Internal validation: Imputation nested within bootstrap

pravleen · May 9, 2022, 7:20am

Background: I would like to internally validate my prediction model using bootstrapping. I would also like to use multiple imputation to deal with missing data and will be nesting the MI within each bootstrap sample. The main model is a proportional hazards regression.

Question: For testing performance, should I test each bootstrap model on the original incomplete data or should I also create a separate “original” imputed dataset that has nothing to do with the bootstrap samples? I saw the latter in Wahl et. al., 2016 but haven’t seen any other examples.

Sidenote - if there are any SAS users who have done MI nested in bootstrap, I would love to see what procedures you used. I’m using surveyselect and MI but am not confident whether MIANALYZE is the right procedure to pool my analysis results.

f2harrell · May 9, 2022, 11:22am

Please read https://discourse.datamethods.org/t/rms-describing-resampling-validating-and-simplifying-the-model/ and move your post (if it’s not already answered by what’s there) to the bottom of that page as a “reply” to the last post there. Thanks.

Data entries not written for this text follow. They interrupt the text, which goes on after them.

theorem fourier_coeff_of_convergent_trig_series:
  assumes coeff_bound: "\<And>j. cmod (c j) \<le> B"
    and conv: "\<And>x. (\<lambda>N. \<Sum>n = - int N..int N. c n * expi n x) \<longlonglongrightarrow> f x"
    and cont: "continuous_on UNIV f"
  shows "((\<lambda>x. f x * expi (- m) x) has_integral of_real (2 * pi) * c m) {0..2 * pi}"
proof -
  have two_pi: "0 < 2 * pi" "2 * pi < 8"
    using pi_gt_zero pi_less_4 by simp_all
  obtain D where D: "\<And>y. -1 < y \<Longrightarrow> y < 8 \<Longrightarrow> (riemann_series c has_vector_derivative D y) (at y)"
    and D': "\<And>y. -1 < y \<Longrightarrow> y < 8 \<Longrightarrow> (D has_vector_derivative c 0 - f y) (at y)"
    using riemann_series_twice_differentiable[OF coeff_bound conv cont, of "-1" 8] by auto
  have "(riemann_series c has_vector_derivative D (2 * pi)) (at (0 + 2 * pi))"
    using D[of "2 * pi"] two_pi by simp
  with riemann_series_periodic[of c B, OF coeff_bound]
  have "(riemann_series c has_vector_derivative D (2 * pi)) (at 0)"
    by (rule has_vector_derivative_periodic)
  then have D_periodic: "D (2 * pi) = D 0"
    using D[of 0] by (simp add: vector_derivative_unique_at)
  obtain I where I: "((\<lambda>y. riemann_series c y * expi (- m) y) has_integral I) {0..2 * pi}"
    and I_eq: "of_int m ^ 2 * I = (if m = 0 then 0 else of_real (2 * pi) * c m)"
    using riemann_series_fourier_integral[of c B m, OF coeff_bound] by blast
  have "((\<lambda>y. (c 0 - f y) * expi (- m) y) has_integral - (of_int m ^ 2 * I)) {0..2 * pi}"
  proof (rule fourier_coeff_second_derivative[OF _ _ _ D_periodic I])
    fix y :: real
    assume "y \<in> {0..2 * pi}"
    then have "-1 < y" "y < 8"
      using two_pi by auto
    then show "(riemann_series c has_vector_derivative D y) (at y within {0..2 * pi})"
      and "(D has_vector_derivative c 0 - f y) (at y within {0..2 * pi})"
      using D D' has_vector_derivative_at_within by blast+
  next
    show "riemann_series c (2 * pi) = riemann_series c 0"
      using riemann_series_periodic[OF coeff_bound, where y = 0] by simp
  qed
  from has_integral_diff[OF has_integral_mult_right[OF has_integral_expi[of "- m"], of "c 0"] this]
  have "((\<lambda>y. f y * expi (- m) y) has_integral
          c 0 * (if - m = 0 then of_real (2 * pi) else 0) + of_int m ^ 2 * I) {0..2 * pi}"
    by (simp add: algebra_simps)
  moreover have "c 0 * (if - m = 0 then of_real (2 * pi) else 0) + of_int m ^ 2 * I = of_real (2 * pi) * c m"
    unfolding I_eq by simp
  ultimately show ?thesis
    by simp
qed

section \<open>Fejer sums and best approximation\<close>

lemma convergent_trig_series_periodic:
  assumes conv: "\<And>x. (\<lambda>N. \<Sum>n = - int N..int N. c n * expi n x) \<longlonglongrightarrow> f x"
  shows "f (x + 2 * pi * of_int m) = f x"
  using conv[of "x + 2 * pi * of_int m", unfolded expi_periodic] conv[of x] by (rule LIMSEQ_unique)

lemma bounded_range_of_convergent_trig_series:
  assumes conv: "\<And>x. (\<lambda>N. \<Sum>n = - int N..int N. c n * expi n x) \<longlonglongrightarrow> f x"
    and cont: "continuous_on UNIV f"
  shows "bounded (range f)"
proof -
  have "range f \<subseteq> f ` {0..2 * pi}"
  proof
    fix y
    assume "y \<in> range f"
    then obtain x where "y = f x"
      by blast
    define m where "m = \<lfloor>x / (2 * pi)\<rfloor>"
    have "of_int m \<le> x / (2 * pi)" "x / (2 * pi) < of_int m + 1"
      unfolding m_def by linarith+
    then have "x - 2 * pi * of_int m \<in> {0..2 * pi}"
      by (simp add: field_simps)
    moreover have "f x = f (x - 2 * pi * of_int m)"
      using convergent_trig_series_periodic[OF conv, of "x - 2 * pi * of_int m" m] by simp
    ultimately show "y \<in> f ` {0..2 * pi}"
      using \<open>y = f x\<close> by blast
  qed
  moreover have "compact (f ` {0..2 * pi})"
    by (rule compact_continuous_image[OF continuous_on_subset[OF cont]]) auto
  ultimately show ?thesis
    using compact_imp_bounded bounded_subset by blast
qed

pravleen · May 9, 2022, 7:19pm

For anyone who stumbles into this, I found the answer on page 4-48 of Dr. Harrell’s Regression Modeling Strategies and in the replies of the page linked by him above. I will multiply impute the original (incomplete) data and create my “final model” using that. For internal validation, I will create bootstrap models (draw B bootstrap samples from original incomplete data > multiply impute each > create B bootstrap models) and test each on the original (multiply imputed) data. I know we’re supposed to repeat each modeling step when running bootstraps so I believe nesting the MI in bootstrap makes sense (and is how Wahl 2016 does it).